Dodge the slippery slope of loose ethics
In most ethical lapses, executives don’t start off with the intent to lie or defraud. Instead, they get caught up in a messy situation and compromise their ethics as a way to dig themselves out of their hole. What begins as a seemingly minor infraction spirals out of control over time.
Consider the case of Kweku Adoboli, 34, who worked at global bank UBS. In 2012, he was sentenced to seven years in prison for what London police called “the UK’s biggest fraud.”
Adoboli’s fraudulent trading cost UBS $2.3 billion.

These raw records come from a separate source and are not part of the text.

lemma pow4_embed_initial_sum:
  "(4::real) ^ i * (\<Sum>j<i. embed_term x j) = real (\<Sum>j<i. 2 * min (x j) 1 * 4 ^ (i - Suc j))"
proof -
  have "(4::real) ^ i * embed_term x j = real (2 * min (x j) 1 * 4 ^ (i - Suc j))" if "j < i" for j
  proof -
    have "(i - Suc j) + Suc j = i" using that by simp
    then have "(4::real) ^ i = 4 ^ (i - Suc j) * 4 ^ Suc j" by (metis power_add)
    then show ?thesis by (simp add: embed_term_def)
  qed
  then show ?thesis by (simp add: sum_distrib_left)
qed

lemma pow4_embed_tail_le: "(4::real) ^ i * embed_tail (Suc i) x \<le> 1 / 6"
proof -
  have "(4::real) ^ i * embed_tail (Suc i) x \<le> 4 ^ i * (2 / (3 * 4 ^ Suc i))"
    by (intro mult_left_mono[OF embed_tail_le]) simp
  also have "\<dots> = 1 / 6" by (simp add: field_simps)
  finally show ?thesis .
qed

lemma cantor_decode_embed:
  assumes x: "x \<in> cantor_space" shows "cantor_decode (cantor_embed x) = x"
proof
  fix i
  have x01: "x i = 0 \<or> x i = 1" using x by (simp add: cantor_space_def)
  define T where "T = (4::real) ^ i * embed_tail (Suc i) x"
  have T: "0 \<le> T" "T \<le> 1 / 6" using embed_tail_nonneg pow4_embed_tail_le by (simp_all add: T_def)
  define A where "A = (\<Sum>j<i. 2 * min (x j) 1 * 4 ^ (i - Suc j))"
  have "(4::real) ^ i * embed_term x i = real (x i) / 2" using x01 by (auto simp: embed_term_def)
  then have "4 ^ i * cantor_embed x = real A + (real (x i) / 2 + T)"
    using cantor_embed_split[of x i] embed_tail_Suc[of i x] pow4_embed_initial_sum[of i x, folded A_def]
    by (simp add: T_def algebra_simps)
  moreover have "real (x i) / 2 + T < 1" "0 \<le> real (x i) / 2 + T" using x01 T by auto
  ultimately have "frac (4 ^ i * cantor_embed x) = real (x i) / 2 + T"
    by (simp add: frac_def floor_eq_iff)
  then show "cantor_decode (cantor_embed x) i = x i" using x01 T by (auto simp: cantor_decode_def)
qed

lemma inj_on_cantor_embed: "inj_on cantor_embed cantor_space"
  by (metis cantor_decode_embed inj_onI)

lemma borel_measurable_frac: "(\<lambda>r::real. frac r) \<in> borel_measurable borel"
proof -
  have "(\<lambda>r::real. r - real_of_int \<lfloor>r\<rfloor>) \<in> borel_measurable borel"
    by (intro borel_measurable_diff borel_measurable_real_floor) simp
  then show ?thesis by (simp add: frac_def)
qed

lemma cantor_decode_measurable: "cantor_decode \<in> borel_measurable borel"
proof (rule measurable_coordinatewise_then_product)
  fix i
  have f: "(\<lambda>r::real. frac (4 ^ i * r)) \<in> borel_measurable borel"
    using measurable_compose[OF _ borel_measurable_frac, of "\<lambda>r. 4 ^ i * r"] by simp
  have "{r::real. 1/2 \<le> frac (4 ^ i * r)} \<in> sets borel"
    using f by measurable
  then have m: "(\<lambda>r. if r \<in> {r::real. 1/2 \<le> frac (4 ^ i * r)} then (1::nat) else 0) \<in> borel_measurable borel"
    by (intro measurable_If_set) auto
  have eq: "(\<lambda>r. cantor_decode r i) = (\<lambda>r. if r \<in> {r::real. 1/2 \<le> frac (4 ^ i * r)} then 1 else 0)"
    by (simp add: cantor_decode_def fun_eq_iff)
  show "(\<lambda>r. cantor_decode r i) \<in> borel_measurable borel" unfolding eq by (rule m)
qed

lemma closed_cantor_space: "closed cantor_space"
proof -
  have "closed {z::nat\<Rightarrow>nat. z i \<in> {0,1}}" for i
    by (rule locally_constant_clopen(1)) (rule exI[of _ "Suc i"], simp add: cylinder_def)
  then have "closed (\<Inter>i. {z::nat\<Rightarrow>nat. z i \<in> {0,1}})" by (intro closed_INT) blast
  moreover have "cantor_space = (\<Inter>i. {z::nat\<Rightarrow>nat. z i \<in> {0,1}})"
    by (auto simp: cantor_space_def)
  ultimately show ?thesis by simp
qed

lemma compact_cantor_space: "compact cantor_space"
proof -
  have eq: "cantor_space = PiE UNIV (\<lambda>_. {0,1::nat})"
  proof (rule set_eqI)
    fix x :: "nat \<Rightarrow> nat" show "x \<in> cantor_space \<longleftrightarrow> x \<in> PiE UNIV (\<lambda>_. {0,1::nat})"
      by (simp add: cantor_space_def PiE_iff)
  qed
  moreover have "compactin (product_topology (\<lambda>i. euclidean) UNIV) (PiE UNIV (\<lambda>_. {0,1::nat}))"
    by (subst compactin_PiE) (auto simp: compactin_euclidean_iff)
  then have "compact (PiE UNIV (\<lambda>_. {0,1::nat}))"
    by (simp add: euclidean_product_topology compactin_euclidean_iff)
  then show ?thesis by (subst eq)
qed

definition cantor_image :: "real set" where "cantor_image = cantor_embed ` cantor_space"
(* Let $E$ be a Banach lattice, $u_0\in E^+$, $\delta>0$, and let $D\subseteq (E^* )^+$ be such that $\langle u_0,x^*\rangle\ge\delta$ for all $x^*\in D$. If $D$ is almost order bounded with respect to $\rho_{u_0}$, then there exists $M\in\mathbb N$ such that every set of mutually disjoint elements of $D$ contains at most $M$ elements.
   Context: For $u_0\in E$, $\rho_{u_0}$ is the Riesz seminorm on $E^*$ given by $\rho_{u_0}(x^* )=\langle |u_0|,|x^*|\rangle$, and $B_{\rho_{u_0}}=\{x^*\in E^*:\rho_{u_0}(x^* )\le 1\}$. A set $D\subseteq E^*$ is almost order bounded with respect to $\rho_{u_0}$ if for every $\varepsilon>0$ there exists $y^*\in (E^* )^+$ with $D\subseteq[-y^*,y^*]+\varepsilon B_{\rho_{u_0}}$. *)

theory Defs
  imports "HOL-Analysis.Analysis"
begin

definition labs :: "'a::{uminus,sup} \<Rightarrow> 'a" where
  "labs x = sup x (- x)"

class banach_lattice = banach + ordered_real_vector + lattice +
  assumes lattice_norm: "sup x (- x) \<le> sup y (- y) \<Longrightarrow> norm x \<le> norm y"

text \<open>The dual E^* is represented by bounded linear functionals E \<Rightarrow> real.
Its order is the pointwise order on the positive cone.\<close>

definition dual_pos :: "('a::banach_lattice \<Rightarrow> real) \<Rightarrow> bool" where
  "dual_pos f \<longleftrightarrow> bounded_linear f \<and> (\<forall>x. 0 \<le> x \<longrightarrow> 0 \<le> f x)"

definition dual_le :: "('a::banach_lattice \<Rightarrow> real) \<Rightarrow> ('a \<Rightarrow> real) \<Rightarrow> bool" where
  "dual_le f g \<longleftrightarrow> (\<forall>x. 0 \<le> x \<longrightarrow> f x \<le> g x)"

text \<open>Modulus of a functional (Riesz--Kantorovich): for x \<ge> 0,
  |x^*|(x) = sup { |x^*(y)| : |y| \<le> x }.\<close>

definition dual_abs :: "('a::banach_lattice \<Rightarrow> real) \<Rightarrow> 'a \<Rightarrow> real" where
  "dual_abs f x = Sup {\<bar>f y\<bar> | y. labs y \<le> x}"

definition rho :: "'a::banach_lattice \<Rightarrow> ('a \<Rightarrow> real) \<Rightarrow> real" where
  "rho u0 f = dual_abs f (labs u0)"

text \<open>Infimum of two functionals (Riesz--Kantorovich): for u \<ge> 0,
  (x^* \<and> y^*)(u) = inf { x^*(v) + y^*(u - v) : 0 \<le> v \<le> u }.\<close>

definition dual_inf :: "('a::banach_lattice \<Rightarrow> real) \<Rightarrow> ('a \<Rightarrow> real) \<Rightarrow> 'a \<Rightarrow> real" where
  "dual_inf f g u = Inf {f v + g (u - v) | v. 0 \<le> v \<and> v \<le> u}"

But he didn’t set out to cheat on such a massive scale.
In 2008, he was a top performer at the bank’s exchange-traded funds desk. When one of his trades lost $400,000, he sought to cover it up rather than admit it to higher-ups.
He initially figured that if he could hide the $400,000 loss from the bank’s accounts department for a short period, he’d earn the money back in other secret trades. But the more he tried to recover his loss, the more he engaged in fraud.
Over the next 2½ years, he realized that he could fake transactions with impunity. So he kept making bigger and bigger illegal trades.
Some of those trades made money, but he didn’t earmark the funds to the bank. Concealing his profits as well as his losses, he established a secret account that he viewed as his own “rainy day” fund.
Moral of the story: When monitoring your own ethical behavior, maintain a high standard. Don’t try to justify small violations by telling yourself, “I’ll do it just this once.”
— Adapted from The Power of Noticing, Max Bazerman, Simon & Schuster.